Extracting ZIP and JSON Data using Python!

Siraj Sabihuddin
Siraj Sabihuddin

A scientist, engineer and maker working out how to understand power usage around the world using programming!

Are you one of those paranoid people who is terrified that an insane calamity is just around the corner? Are you obsessively checking the world news waiting for the moment that you can spring into action? Well, why not harness that obsessiveness, be productive at the same time and check out if your country’s power system is about to come crashing down. Here I’ll show you a little bit of Python coding and analysis I did to discover some information about Taiwan’s Power Grid. Find out what I discovered and how below. TL;DR: You’ll be relieved to know the lights are still on in Taiwan …. yes …. indeed ….. sigh … who am I kidding. None of you are actually reading any of this text are you? … why don’t I just show you the pretty pictures and colorful code? Boys and girls, take out your crayons.

My Goals

Essentially I want to understand a bit more about what the Taiwan Power Grid looks like. To do this I’m going to essentially start by building a standard skeleton file in Python to extract this data from Taiwan’s openly published data. The process will involve a few key steps as shown:

  • Opening and looking inside ZIP File data package
  • Extracting relevant time period data files from the ZIP file
  • Reading the JSON data structures inside the selected files
  • Collecting and aggregating the data from these data structures
  • Doing some very simple calculations on the data
  • Doing a very simple visualization of the data & talking about some of the implications

But before we get to all of that let’s setup the python environment. This is only for newbies or people who have spent so long programming in other languages that they’ve gotten terribly rusty with python (a.k.a. me right now).

Setting Up Python Environment

Basically, the first step is to setup Python. I used python eons ago and so I need to do a bit of re-learning. So those of you who are beginners or like me, this section is for you! The rest of you can skip on to the next section.

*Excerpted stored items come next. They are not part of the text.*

lemma pattern_des_snoc:
  assumes "b \<noteq> []"
  shows "pattern_des e d (b @ [x]) (length b) =
    (if last b then \<not> x \<and> \<not> e (moved_before b (length b))
     else if x then e (moved_before b (length b) - 1) else d (moved_before b (length b) - 1))"
proof -
  obtain c y where "b = c @ [y]"
    using assms by (metis append_butlast_last_id)
  then show ?thesis
    unfolding pattern_des_def by (cases x; cases y) (simp_all add: nth_append)
qed

lemma pattern_maj_snoc:
  "pattern_maj e d (b @ [x]) =
     pattern_maj e d b + (if b \<noteq> [] \<and> pattern_des e d (b @ [x]) (length b) then length b else 0)"
proof (cases "b = []")
  case False
  then have "{1..<length (b @ [x])} = insert (length b) {1..<length b}"
    by (cases b) auto
  moreover have "(\<Sum>p\<in>{1..<length b}. if pattern_des e d (b @ [x]) p then p else 0)
    = pattern_maj e d b"
    unfolding pattern_maj_def by (intro sum.cong) (auto simp: pattern_des_append)
  ultimately show ?thesis
    using False unfolding pattern_maj_def by simp
qed (simp add: pattern_maj_def)

lemma pattern_maj_replicate_Suc:
  "pattern_maj e d (replicate (Suc a) False)
     = pattern_maj e d (replicate a False) + (if a \<ge> 1 \<and> d (a - 1) then a else 0)"
proof (cases a)
  case (Suc a')
  have "replicate (Suc a) False = replicate a False @ [False]"
    by (simp add: replicate_append_same)
  moreover have "replicate a False \<noteq> []" "\<not> last (replicate a False)" "a \<ge> 1"
    using Suc by simp_all
  moreover have "moved_before (replicate a False) a = a"
    by (simp add: moved_before_replicate)
  ultimately show ?thesis
    using pattern_des_snoc[of "replicate a False" e d False] by (simp add: pattern_maj_snoc)
qed (simp add: pattern_maj_def)

lemma finite_fixed_patterns: "finite (fixed_patterns a m)"
  by (rule finite_subset[OF _ finite_lists_length_eq[of "UNIV :: bool set" "a + m"]])
     (auto simp: fixed_patterns_def)

abbreviation ends_moved :: "bool list \<Rightarrow> bool" where
  "ends_moved b \<equiv> b \<noteq> [] \<and> \<not> last b"

lemma fixed_patterns_ends_moved:
  "{b \<in> fixed_patterns (Suc a) m. ends_moved b} = (\<lambda>b. b @ [False]) ` fixed_patterns a m"
proof (intro set_eqI iffI)
  fix b assume b: "b \<in> {b \<in> fixed_patterns (Suc a) m. ends_moved b}"
  then have "b = butlast b @ [False]"
    using append_butlast_last_id[of b] by simp
  moreover from this have "butlast b \<in> fixed_patterns a m"
    using b moved_before_snoc[of "butlast b" False] by (auto simp: fixed_patterns_def)
  ultimately show "b \<in> (\<lambda>b. b @ [False]) ` fixed_patterns a m" by blast
next
  fix b assume "b \<in> (\<lambda>b. b @ [False]) ` fixed_patterns a m"
  then show "b \<in> {b \<in> fixed_patterns (Suc a) m. ends_moved b}"
    using moved_before_snoc by (auto simp: fixed_patterns_def)
qed

lemma fixed_patterns_ends_fixed:
  "{b \<in> fixed_patterns a (Suc m). \<not> ends_moved b} = (\<lambda>b. b @ [True]) ` fixed_patterns a m"
proof (intro set_eqI iffI)
  fix b assume b: "b \<in> {b \<in> fixed_patterns a (Suc m). \<not> ends_moved b}"
  then have "b \<noteq> []" "last b"
    by (auto simp: fixed_patterns_def)
  then have "b = butlast b @ [True]"
    using append_butlast_last_id[of b] by simp
  moreover from this have "butlast b \<in> fixed_patterns a m"
    using b moved_before_snoc[of "butlast b" True] by (auto simp: fixed_patterns_def)
  ultimately show "b \<in> (\<lambda>b. b @ [True]) ` fixed_patterns a m" by blast
next
  fix b assume "b \<in> (\<lambda>b. b @ [True]) ` fixed_patterns a m"
  then show "b \<in> {b \<in> fixed_patterns a (Suc m). \<not> ends_moved b}"
    using moved_before_snoc by (auto simp: fixed_patterns_def)
qed

lemma fixed_patterns_0_ends_moved: "{b \<in> fixed_patterns 0 m. ends_moved b} = {}"
proof -
  have "moved_before b (length b) \<ge> 1" if "ends_moved b" for b
  proof -
    have "b = butlast b @ [False]"
      using that append_butlast_last_id[of b] by simp
    then show ?thesis
      using moved_before_snoc[of "butlast b" False] by (subst (1 2) \<open>b = _\<close>) simp
  qed
  then show ?thesis
    unfolding fixed_patterns_def by fastforce
qed

lemma fixed_patterns_0_right_ends_fixed: "{b \<in> fixed_patterns (Suc a) 0. \<not> ends_moved b} = {}"
proof -
  have "ends_moved b" if "b \<in> fixed_patterns (Suc a) 0" for b
  proof -
    have "length b = Suc a" "moved_before b (length b) = length b" "b \<noteq> []"
      using that by (auto simp: fixed_patterns_def)
    then show ?thesis
      using moved_before_all_moved[of b "length b - 1"] by (simp add: last_conv_nth)
  qed
  then show ?thesis by blast
qed

definition maj_gf_moved :: "(nat \<Rightarrow> bool) \<Rightarrow> (nat \<Rightarrow> bool) \<Rightarrow> 'a::comm_ring_1 \<Rightarrow> nat \<Rightarrow> nat \<Rightarrow> 'a" where
  "maj_gf_moved e d t a m = (\<Sum>b\<in>{b \<in> fixed_patterns a m. ends_moved b}. t ^ pattern_maj e d b)"

definition maj_gf_fixed :: "(nat \<Rightarrow> bool) \<Rightarrow> (nat \<Rightarrow> bool) \<Rightarrow> 'a::comm_ring_1 \<Rightarrow> nat \<Rightarrow> nat \<Rightarrow> 'a" where
  "maj_gf_fixed e d t a m = (\<Sum>b\<in>{b \<in> fixed_patterns a m. \<not> ends_moved b}. t ^ pattern_maj e d b)"

lemma sum_split_by_predicate:
  "finite A \<Longrightarrow> sum f A = sum f {x \<in> A. P x} + sum f {x \<in> A. \<not> P x}"
proof -
  assume "finite A"
  moreover have "A = {x \<in> A. P x} \<union> {x \<in> A. \<not> P x}"
    by auto
  ultimately show ?thesis
    by (metis (no_types, lifting) sum.union_disjoint finite_Un disjoint_iff mem_Collect_eq)
qed

lemma sum_pattern_maj_split:
  "(\<Sum>b\<in>fixed_patterns a m. t ^ pattern_maj e d b) = maj_gf_moved e d t a m + maj_gf_fixed e d t a m"
  unfolding maj_gf_moved_def maj_gf_fixed_def
  by (rule sum_split_by_predicate[OF finite_fixed_patterns])

lemma sum_pattern_maj_snoc:
  "(\<Sum>b\<in>fixed_patterns a m. t ^ pattern_maj e d (b @ [x])) =
     t ^ (if (if x then e (a - 1) else d (a - 1)) then a + m else 0) * maj_gf_moved e d t a m
   + t ^ (if \<not> x \<and> \<not> e a then a + m else 0) * maj_gf_fixed e d t a m"
proof -
  define w where "w b = t ^ pattern_maj e d b
    * t ^ (if b \<noteq> [] \<and> pattern_des e d (b @ [x]) (length b) then length b else 0)" for b
  have "(\<Sum>b\<in>fixed_patterns a m. t ^ pattern_maj e d (b @ [x])) = (\<Sum>b\<in>fixed_patterns a m. w b)"
    by (simp add: w_def pattern_maj_snoc power_add)
  also have "\<dots> = (\<Sum>b\<in>{b \<in> fixed_patterns a m. ends_moved b}. w b)
                + (\<Sum>b\<in>{b \<in> fixed_patterns a m. \<not> ends_moved b}. w b)"
    by (rule sum_split_by_predicate[OF finite_fixed_patterns])
  also have "(\<Sum>b\<in>{b \<in> fixed_patterns a m. ends_moved b}. w b)
      = (\<Sum>b\<in>{b \<in> fixed_patterns a m. ends_moved b}.
           t ^ pattern_maj e d b * t ^ (if (if x then e (a - 1) else d (a - 1)) then a + m else 0))"
    by (intro sum.cong refl) (auto simp: w_def pattern_des_snoc fixed_patterns_def)
  also have "(\<Sum>b\<in>{b \<in> fixed_patterns a m. \<not> ends_moved b}. w b)
      = (\<Sum>b\<in>{b \<in> fixed_patterns a m. \<not> ends_moved b}.
           t ^ pattern_maj e d b * t ^ (if \<not> x \<and> \<not> e a then a + m else 0))"
  proof (intro sum.cong refl)
    fix b assume "b \<in> {b \<in> fixed_patterns a m. \<not> ends_moved b}"
    then show "w b = t ^ pattern_maj e d b * t ^ (if \<not> x \<and> \<not> e a then a + m else 0)"
      using pattern_des_snoc[of b e d x] by (cases "b = []") (auto simp: w_def fixed_patterns_def)
  qed
  finally show ?thesis
    unfolding maj_gf_moved_def maj_gf_fixed_def sum_distrib_right[symmetric]
    by (simp add: mult.commute)
qed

  • Install Anaconda or Miniconda. Both of these are essentially package managers. And you use them to install add-ons or upgrades to your Python environment as you need. I’ll be using Anaconda.
Anaconda is free for non-commercial. Anaconda is great for beginners as it packages everything you need with all sorts of scientific tools as well. Think fancy GUI here.
Miniconda is some sorta minimal clone. And typically is packaged together with only the minimum set of things you need. This means two things. Its less bloated and its intended for the discerning connoisseur who know what he/she/it wants. Think command line operations here.
  • At this stage we have a choice between IDEs: PyCharm, Jupyter or Spyder. I ended up choosing Spyder. I found PyCharm to be clunky and difficult to use for such a simple project. It seems to be geared more towards large software projects. Avoid it if you are just getting started as its hopelessly confusing for a beginner. Jupyter is an online editor and IDE. Spyder is offline, very easy to use and has something of the look and feel of MATLAB as well in the way you can browse variables, use the console and program at the same time.
  • Now as a point of reference. We will need to use some documentation while programming. You can directly use the Python documentation as linked below.

Power Data Sources

For my particular reference case, I’m going to start by looking at the data from Taiwan. In Taiwan, the Taiwan Power Company (a.k.a. TPC or Taipower) provides open licensed publicly available data via their web portal in live format. Further they also provide packaged offline data on their various government portals that could be useful in understanding power dynamics of the Taiwan National Grid. Click on the buttons below to see some of this data. Be warned its in Traditional Chinese so you’ll need to do some translating if you don’t understand.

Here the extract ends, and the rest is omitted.